* [What needs to be done]:
Using the entries below, write out the line with "(\<forall>c. \<forall>x\<in>S. f", the line with "(\<forall>x. x \<notin>", and every line in between, exactly as each is written.

* [Data shown]:
· · · · · · ·

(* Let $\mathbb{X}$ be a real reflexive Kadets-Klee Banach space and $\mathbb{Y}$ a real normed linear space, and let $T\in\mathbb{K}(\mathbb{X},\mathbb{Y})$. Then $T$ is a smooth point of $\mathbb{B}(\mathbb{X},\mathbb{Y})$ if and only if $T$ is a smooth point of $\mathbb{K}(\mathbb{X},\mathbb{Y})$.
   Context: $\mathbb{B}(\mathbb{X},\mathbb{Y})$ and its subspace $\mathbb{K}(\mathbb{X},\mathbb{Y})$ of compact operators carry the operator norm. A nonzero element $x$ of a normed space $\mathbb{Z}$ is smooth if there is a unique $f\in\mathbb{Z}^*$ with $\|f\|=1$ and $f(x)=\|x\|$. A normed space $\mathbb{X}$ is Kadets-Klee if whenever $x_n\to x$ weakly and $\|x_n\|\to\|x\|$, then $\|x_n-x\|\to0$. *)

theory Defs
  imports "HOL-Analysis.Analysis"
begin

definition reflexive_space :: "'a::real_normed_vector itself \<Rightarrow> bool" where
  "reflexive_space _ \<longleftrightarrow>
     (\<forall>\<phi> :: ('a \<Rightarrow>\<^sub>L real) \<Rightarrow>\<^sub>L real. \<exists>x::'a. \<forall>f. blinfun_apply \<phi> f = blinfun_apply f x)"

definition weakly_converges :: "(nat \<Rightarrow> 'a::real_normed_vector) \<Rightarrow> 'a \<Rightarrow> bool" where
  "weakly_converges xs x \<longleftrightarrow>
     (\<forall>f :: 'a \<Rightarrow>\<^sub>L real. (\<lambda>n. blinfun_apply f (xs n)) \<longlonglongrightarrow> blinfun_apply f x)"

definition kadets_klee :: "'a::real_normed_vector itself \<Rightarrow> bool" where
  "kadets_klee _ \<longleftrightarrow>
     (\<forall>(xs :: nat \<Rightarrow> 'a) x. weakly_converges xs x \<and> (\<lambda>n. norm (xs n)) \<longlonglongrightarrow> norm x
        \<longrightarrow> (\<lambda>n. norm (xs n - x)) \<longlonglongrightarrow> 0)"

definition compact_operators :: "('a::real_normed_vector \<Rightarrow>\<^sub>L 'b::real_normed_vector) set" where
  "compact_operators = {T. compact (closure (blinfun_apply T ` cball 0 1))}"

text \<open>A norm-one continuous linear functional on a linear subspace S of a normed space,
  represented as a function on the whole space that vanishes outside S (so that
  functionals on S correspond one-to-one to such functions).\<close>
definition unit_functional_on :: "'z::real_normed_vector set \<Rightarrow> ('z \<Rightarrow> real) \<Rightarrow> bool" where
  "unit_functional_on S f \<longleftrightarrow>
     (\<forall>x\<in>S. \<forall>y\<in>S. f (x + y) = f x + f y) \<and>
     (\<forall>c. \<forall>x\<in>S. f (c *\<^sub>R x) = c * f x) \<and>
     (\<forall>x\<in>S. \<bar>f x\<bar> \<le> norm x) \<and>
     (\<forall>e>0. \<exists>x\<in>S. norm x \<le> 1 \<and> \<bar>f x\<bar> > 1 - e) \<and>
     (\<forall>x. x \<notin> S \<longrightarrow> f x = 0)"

· · · · · · ·

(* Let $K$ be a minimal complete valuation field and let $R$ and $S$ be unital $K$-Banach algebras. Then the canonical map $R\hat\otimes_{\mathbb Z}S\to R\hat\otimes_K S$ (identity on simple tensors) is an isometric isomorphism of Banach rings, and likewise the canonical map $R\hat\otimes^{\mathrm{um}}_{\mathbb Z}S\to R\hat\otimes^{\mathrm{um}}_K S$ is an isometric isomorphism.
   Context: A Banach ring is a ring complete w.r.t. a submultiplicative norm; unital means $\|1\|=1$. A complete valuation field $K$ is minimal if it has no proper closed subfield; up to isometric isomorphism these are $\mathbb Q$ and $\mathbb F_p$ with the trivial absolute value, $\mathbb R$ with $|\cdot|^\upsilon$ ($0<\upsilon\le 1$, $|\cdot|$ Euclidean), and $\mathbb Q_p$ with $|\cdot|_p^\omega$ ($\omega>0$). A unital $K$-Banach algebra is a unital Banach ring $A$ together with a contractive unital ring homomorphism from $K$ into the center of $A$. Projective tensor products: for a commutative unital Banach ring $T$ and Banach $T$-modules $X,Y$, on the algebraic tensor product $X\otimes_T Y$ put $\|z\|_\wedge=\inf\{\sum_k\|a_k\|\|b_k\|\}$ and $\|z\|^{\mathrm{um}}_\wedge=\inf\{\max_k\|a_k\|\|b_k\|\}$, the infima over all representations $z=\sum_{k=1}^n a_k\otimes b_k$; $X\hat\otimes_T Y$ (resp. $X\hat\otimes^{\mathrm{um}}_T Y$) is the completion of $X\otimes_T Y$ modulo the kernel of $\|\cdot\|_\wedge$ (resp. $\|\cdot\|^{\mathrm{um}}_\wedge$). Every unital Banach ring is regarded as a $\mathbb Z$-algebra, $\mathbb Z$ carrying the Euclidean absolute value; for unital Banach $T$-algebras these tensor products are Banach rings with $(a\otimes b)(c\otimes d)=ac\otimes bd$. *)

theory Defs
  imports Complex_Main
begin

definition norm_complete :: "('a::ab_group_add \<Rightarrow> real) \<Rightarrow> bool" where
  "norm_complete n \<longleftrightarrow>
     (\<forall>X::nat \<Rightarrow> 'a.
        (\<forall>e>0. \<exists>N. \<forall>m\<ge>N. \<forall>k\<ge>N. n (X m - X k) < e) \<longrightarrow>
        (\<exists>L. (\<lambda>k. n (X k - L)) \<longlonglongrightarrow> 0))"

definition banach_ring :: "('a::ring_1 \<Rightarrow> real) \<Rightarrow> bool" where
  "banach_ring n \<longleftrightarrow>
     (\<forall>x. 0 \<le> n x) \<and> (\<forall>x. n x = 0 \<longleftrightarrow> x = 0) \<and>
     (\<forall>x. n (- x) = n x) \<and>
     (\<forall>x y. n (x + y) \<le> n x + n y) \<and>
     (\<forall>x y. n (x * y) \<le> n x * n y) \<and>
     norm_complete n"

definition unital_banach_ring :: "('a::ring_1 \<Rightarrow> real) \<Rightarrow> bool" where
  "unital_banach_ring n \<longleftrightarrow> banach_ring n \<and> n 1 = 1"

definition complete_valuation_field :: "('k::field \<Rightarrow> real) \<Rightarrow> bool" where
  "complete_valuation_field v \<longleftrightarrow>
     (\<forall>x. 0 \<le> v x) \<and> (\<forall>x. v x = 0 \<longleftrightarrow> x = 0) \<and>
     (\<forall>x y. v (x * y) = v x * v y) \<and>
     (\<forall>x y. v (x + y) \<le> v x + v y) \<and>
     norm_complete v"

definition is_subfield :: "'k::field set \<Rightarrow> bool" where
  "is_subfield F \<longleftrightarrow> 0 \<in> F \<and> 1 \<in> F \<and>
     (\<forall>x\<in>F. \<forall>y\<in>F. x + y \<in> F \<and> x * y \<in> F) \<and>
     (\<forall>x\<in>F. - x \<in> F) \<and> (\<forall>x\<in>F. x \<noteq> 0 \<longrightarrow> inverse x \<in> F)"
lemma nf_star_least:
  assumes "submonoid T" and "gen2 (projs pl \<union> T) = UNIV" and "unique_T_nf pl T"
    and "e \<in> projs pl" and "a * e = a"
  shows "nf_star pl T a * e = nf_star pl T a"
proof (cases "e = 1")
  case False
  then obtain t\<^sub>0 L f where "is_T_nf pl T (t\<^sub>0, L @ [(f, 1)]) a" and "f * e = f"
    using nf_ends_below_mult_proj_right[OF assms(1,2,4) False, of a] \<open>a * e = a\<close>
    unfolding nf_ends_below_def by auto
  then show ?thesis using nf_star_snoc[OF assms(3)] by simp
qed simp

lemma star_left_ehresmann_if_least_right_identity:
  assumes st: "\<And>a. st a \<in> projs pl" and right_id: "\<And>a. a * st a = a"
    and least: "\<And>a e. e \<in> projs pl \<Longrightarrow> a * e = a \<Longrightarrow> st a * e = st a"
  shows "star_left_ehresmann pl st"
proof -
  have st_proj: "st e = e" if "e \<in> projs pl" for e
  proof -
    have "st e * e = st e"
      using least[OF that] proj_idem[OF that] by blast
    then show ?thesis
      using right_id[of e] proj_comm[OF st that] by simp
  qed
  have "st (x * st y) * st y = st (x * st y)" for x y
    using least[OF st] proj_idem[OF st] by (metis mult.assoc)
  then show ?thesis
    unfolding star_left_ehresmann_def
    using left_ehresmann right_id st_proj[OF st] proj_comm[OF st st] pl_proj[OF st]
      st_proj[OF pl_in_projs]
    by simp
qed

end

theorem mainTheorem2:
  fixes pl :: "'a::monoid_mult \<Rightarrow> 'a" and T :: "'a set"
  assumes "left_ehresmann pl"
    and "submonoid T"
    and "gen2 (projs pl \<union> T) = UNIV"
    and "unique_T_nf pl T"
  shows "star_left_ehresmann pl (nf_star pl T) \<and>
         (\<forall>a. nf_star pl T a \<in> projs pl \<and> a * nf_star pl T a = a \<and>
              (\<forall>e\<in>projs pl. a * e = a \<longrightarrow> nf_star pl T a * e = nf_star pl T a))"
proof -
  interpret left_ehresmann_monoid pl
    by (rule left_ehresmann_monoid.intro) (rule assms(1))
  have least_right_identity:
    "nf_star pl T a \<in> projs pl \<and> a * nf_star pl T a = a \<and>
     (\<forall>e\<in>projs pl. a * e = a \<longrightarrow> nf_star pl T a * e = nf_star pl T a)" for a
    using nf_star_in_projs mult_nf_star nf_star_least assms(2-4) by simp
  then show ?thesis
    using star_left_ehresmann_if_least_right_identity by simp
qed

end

· · · · · · ·

* [Problem solution]:
     (\<forall>c. \<forall>x\<in>S. f (c *\<^sub>R x) = c * f x) \<and>
     (\<forall>x\<in>S. \<bar>f x\<bar> \<le> norm x) \<and>
     (\<forall>e>0. \<exists>x\<in>S. norm x \<le> 1 \<and> \<bar>f x\<bar> > 1 - e) \<and>
     (\<forall>x. x \<notin> S \<longrightarrow> f x = 0)"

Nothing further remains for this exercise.